> **What the task asks**
Use the entries below and reproduce exactly the lines from the one containing "q1 \<noteq> x" down to the one containing "define L where", both of them included.

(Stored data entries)
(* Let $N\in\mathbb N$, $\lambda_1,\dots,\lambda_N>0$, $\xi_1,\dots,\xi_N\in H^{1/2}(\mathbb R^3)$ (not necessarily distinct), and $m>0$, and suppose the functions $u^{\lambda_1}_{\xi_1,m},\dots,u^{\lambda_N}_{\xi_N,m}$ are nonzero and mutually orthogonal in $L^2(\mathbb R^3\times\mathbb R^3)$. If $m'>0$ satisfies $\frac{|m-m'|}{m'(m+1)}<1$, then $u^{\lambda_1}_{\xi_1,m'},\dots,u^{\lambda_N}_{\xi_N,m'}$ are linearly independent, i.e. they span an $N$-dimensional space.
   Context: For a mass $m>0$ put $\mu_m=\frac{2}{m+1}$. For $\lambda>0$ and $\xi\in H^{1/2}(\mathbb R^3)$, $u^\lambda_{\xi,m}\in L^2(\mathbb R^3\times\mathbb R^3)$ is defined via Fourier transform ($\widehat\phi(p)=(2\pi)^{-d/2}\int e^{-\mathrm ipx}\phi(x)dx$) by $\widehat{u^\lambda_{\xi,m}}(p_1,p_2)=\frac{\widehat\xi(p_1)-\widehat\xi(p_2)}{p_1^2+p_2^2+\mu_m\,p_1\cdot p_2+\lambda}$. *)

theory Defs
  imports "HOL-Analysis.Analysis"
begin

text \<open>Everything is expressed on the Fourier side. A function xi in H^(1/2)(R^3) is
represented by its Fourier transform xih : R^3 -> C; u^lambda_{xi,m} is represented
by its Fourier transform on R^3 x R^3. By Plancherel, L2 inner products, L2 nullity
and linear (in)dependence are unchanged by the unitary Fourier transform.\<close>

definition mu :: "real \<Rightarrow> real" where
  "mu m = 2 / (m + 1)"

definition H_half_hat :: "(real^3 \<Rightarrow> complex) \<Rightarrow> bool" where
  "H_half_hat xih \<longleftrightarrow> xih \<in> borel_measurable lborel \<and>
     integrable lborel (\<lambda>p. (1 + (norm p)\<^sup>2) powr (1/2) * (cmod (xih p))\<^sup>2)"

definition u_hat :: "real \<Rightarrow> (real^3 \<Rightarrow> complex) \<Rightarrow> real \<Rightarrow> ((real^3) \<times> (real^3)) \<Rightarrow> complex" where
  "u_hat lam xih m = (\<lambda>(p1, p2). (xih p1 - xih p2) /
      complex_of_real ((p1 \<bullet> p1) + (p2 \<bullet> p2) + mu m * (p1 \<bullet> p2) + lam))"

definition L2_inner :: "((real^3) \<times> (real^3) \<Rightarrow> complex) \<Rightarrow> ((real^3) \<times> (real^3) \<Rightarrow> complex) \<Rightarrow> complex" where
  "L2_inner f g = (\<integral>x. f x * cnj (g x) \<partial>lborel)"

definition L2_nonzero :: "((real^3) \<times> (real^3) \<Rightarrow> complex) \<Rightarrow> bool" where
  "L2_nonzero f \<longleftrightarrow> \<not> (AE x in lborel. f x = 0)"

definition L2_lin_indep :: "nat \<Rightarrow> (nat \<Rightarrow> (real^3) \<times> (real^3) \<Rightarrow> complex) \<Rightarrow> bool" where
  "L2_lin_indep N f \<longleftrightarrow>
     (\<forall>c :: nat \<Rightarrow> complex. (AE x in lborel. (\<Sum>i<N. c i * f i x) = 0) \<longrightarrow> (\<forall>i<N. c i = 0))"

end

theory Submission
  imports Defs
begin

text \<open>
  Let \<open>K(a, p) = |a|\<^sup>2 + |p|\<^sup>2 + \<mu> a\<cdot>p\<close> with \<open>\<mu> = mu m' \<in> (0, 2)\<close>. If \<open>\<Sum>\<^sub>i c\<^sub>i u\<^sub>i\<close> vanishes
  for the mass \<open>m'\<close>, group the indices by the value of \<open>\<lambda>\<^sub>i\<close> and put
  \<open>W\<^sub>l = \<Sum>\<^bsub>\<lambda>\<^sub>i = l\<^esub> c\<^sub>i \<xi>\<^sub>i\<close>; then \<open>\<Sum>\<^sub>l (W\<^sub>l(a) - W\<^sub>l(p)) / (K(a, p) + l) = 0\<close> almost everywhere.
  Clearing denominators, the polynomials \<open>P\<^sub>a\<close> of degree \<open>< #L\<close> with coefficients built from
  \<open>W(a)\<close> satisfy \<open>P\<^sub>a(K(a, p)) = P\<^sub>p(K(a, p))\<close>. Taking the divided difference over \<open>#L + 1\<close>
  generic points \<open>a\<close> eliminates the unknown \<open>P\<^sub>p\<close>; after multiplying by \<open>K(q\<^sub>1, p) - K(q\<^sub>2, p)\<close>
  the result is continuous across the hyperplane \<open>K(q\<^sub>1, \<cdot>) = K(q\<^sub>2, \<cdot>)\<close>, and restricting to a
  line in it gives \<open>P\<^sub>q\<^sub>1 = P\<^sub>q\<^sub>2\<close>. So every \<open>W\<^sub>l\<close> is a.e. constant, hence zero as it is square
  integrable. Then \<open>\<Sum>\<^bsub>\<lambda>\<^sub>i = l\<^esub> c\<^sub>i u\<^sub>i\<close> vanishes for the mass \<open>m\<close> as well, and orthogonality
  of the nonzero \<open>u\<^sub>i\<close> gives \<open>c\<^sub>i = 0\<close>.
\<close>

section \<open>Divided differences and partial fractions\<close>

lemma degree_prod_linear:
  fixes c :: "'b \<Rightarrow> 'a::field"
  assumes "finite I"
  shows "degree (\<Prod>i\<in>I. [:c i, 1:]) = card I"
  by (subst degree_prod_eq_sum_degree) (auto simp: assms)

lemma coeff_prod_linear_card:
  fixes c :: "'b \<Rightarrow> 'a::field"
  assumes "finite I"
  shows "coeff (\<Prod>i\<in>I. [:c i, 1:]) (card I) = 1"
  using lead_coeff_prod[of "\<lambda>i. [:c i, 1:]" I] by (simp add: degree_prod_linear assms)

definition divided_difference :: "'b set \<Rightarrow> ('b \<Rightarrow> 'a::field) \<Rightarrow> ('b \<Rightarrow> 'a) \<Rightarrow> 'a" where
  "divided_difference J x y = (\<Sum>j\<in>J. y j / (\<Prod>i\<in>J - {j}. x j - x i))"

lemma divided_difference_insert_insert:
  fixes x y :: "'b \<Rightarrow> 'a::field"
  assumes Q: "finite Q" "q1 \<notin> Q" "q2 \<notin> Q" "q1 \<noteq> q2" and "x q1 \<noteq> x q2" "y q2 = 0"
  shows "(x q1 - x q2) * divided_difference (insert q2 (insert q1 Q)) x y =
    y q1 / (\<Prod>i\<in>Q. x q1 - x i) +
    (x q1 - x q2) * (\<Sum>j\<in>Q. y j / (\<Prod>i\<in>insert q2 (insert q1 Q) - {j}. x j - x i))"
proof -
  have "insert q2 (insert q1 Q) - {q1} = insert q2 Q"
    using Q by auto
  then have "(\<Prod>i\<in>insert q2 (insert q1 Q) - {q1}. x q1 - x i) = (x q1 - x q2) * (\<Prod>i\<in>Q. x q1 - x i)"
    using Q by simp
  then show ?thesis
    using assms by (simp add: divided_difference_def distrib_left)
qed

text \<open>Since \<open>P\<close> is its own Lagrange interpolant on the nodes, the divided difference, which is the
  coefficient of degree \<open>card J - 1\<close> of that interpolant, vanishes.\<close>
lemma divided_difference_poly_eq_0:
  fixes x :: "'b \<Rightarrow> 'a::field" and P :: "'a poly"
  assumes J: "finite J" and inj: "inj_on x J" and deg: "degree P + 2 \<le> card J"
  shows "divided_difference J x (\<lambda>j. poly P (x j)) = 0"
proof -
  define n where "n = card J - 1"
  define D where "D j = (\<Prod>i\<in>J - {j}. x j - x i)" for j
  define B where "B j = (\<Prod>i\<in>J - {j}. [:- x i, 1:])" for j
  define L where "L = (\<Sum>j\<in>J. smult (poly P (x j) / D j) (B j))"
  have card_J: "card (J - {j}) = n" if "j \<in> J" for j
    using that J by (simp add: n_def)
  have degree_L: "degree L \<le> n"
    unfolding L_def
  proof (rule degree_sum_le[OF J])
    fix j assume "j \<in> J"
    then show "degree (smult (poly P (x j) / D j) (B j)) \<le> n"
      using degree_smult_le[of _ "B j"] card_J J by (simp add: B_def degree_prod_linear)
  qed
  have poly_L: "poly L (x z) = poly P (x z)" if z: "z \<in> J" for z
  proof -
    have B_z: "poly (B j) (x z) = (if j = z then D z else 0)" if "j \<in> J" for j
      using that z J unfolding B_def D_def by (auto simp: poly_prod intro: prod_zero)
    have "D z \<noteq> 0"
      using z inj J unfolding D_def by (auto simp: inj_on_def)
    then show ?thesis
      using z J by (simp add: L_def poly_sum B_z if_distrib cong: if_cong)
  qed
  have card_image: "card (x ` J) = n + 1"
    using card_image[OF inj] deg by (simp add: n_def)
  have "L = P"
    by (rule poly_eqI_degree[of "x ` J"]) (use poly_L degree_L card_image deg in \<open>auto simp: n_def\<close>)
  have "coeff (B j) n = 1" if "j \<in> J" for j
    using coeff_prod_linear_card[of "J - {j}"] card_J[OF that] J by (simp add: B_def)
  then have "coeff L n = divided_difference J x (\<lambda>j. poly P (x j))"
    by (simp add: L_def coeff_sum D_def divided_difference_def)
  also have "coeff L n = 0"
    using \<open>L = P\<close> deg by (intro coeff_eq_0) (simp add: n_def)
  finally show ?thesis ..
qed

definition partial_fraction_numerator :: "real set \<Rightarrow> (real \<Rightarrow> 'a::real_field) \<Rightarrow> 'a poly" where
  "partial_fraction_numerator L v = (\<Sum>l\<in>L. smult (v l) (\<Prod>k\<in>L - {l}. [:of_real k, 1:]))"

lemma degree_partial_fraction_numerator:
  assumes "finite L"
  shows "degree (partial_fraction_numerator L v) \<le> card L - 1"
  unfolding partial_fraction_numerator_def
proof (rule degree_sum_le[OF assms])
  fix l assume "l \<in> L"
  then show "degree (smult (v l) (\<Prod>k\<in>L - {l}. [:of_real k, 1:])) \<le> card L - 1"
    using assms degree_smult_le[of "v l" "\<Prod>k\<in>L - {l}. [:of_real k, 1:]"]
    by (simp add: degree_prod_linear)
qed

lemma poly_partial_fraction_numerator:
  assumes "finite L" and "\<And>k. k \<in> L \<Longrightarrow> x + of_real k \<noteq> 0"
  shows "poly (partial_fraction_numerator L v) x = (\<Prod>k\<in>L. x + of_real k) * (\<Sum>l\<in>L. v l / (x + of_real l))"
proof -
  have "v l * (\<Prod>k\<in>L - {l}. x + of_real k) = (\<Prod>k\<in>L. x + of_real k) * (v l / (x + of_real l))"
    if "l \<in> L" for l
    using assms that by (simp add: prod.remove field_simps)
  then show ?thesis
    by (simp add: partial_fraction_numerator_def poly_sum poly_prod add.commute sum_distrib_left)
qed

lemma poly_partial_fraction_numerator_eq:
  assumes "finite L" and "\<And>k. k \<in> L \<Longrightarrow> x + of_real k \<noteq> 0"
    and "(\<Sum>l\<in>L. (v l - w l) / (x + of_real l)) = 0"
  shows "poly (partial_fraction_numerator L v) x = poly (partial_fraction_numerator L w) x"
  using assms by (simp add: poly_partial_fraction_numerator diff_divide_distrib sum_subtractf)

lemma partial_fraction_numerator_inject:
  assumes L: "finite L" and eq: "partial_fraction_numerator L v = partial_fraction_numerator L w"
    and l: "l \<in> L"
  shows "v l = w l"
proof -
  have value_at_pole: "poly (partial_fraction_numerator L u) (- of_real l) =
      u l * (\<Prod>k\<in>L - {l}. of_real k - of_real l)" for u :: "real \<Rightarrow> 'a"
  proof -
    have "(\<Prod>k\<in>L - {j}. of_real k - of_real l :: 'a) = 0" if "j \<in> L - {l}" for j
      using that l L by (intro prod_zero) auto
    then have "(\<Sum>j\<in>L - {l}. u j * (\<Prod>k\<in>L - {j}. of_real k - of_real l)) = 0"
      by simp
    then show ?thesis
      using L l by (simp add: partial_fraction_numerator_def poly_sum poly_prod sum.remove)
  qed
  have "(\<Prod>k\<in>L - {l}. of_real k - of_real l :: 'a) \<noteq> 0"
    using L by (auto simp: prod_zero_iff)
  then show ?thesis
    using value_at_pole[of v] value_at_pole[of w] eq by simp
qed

> **Problem solution**
  assumes Q: "finite Q" "q1 \<notin> Q" "q2 \<notin> Q" "q1 \<noteq> q2" and "x q1 \<noteq> x q2" "y q2 = 0"
  shows "(x q1 - x q2) * divided_difference (insert q2 (insert q1 Q)) x y =
    y q1 / (\<Prod>i\<in>Q. x q1 - x i) +
    (x q1 - x q2) * (\<Sum>j\<in>Q. y j / (\<Prod>i\<in>insert q2 (insert q1 Q) - {j}. x j - x i))"
proof -
  have "insert q2 (insert q1 Q) - {q1} = insert q2 Q"
    using Q by auto
  then have "(\<Prod>i\<in>insert q2 (insert q1 Q) - {q1}. x q1 - x i) = (x q1 - x q2) * (\<Prod>i\<in>Q. x q1 - x i)"
    using Q by simp
  then show ?thesis
    using assms by (simp add: divided_difference_def distrib_left)
qed

text \<open>Since \<open>P\<close> is its own Lagrange interpolant on the nodes, the divided difference, which is the
  coefficient of degree \<open>card J - 1\<close> of that interpolant, vanishes.\<close>
lemma divided_difference_poly_eq_0:
  fixes x :: "'b \<Rightarrow> 'a::field" and P :: "'a poly"
  assumes J: "finite J" and inj: "inj_on x J" and deg: "degree P + 2 \<le> card J"
  shows "divided_difference J x (\<lambda>j. poly P (x j)) = 0"
proof -
  define n where "n = card J - 1"
  define D where "D j = (\<Prod>i\<in>J - {j}. x j - x i)" for j
  define B where "B j = (\<Prod>i\<in>J - {j}. [:- x i, 1:])" for j
  define L where "L = (\<Sum>j\<in>J. smult (poly P (x j) / D j) (B j))"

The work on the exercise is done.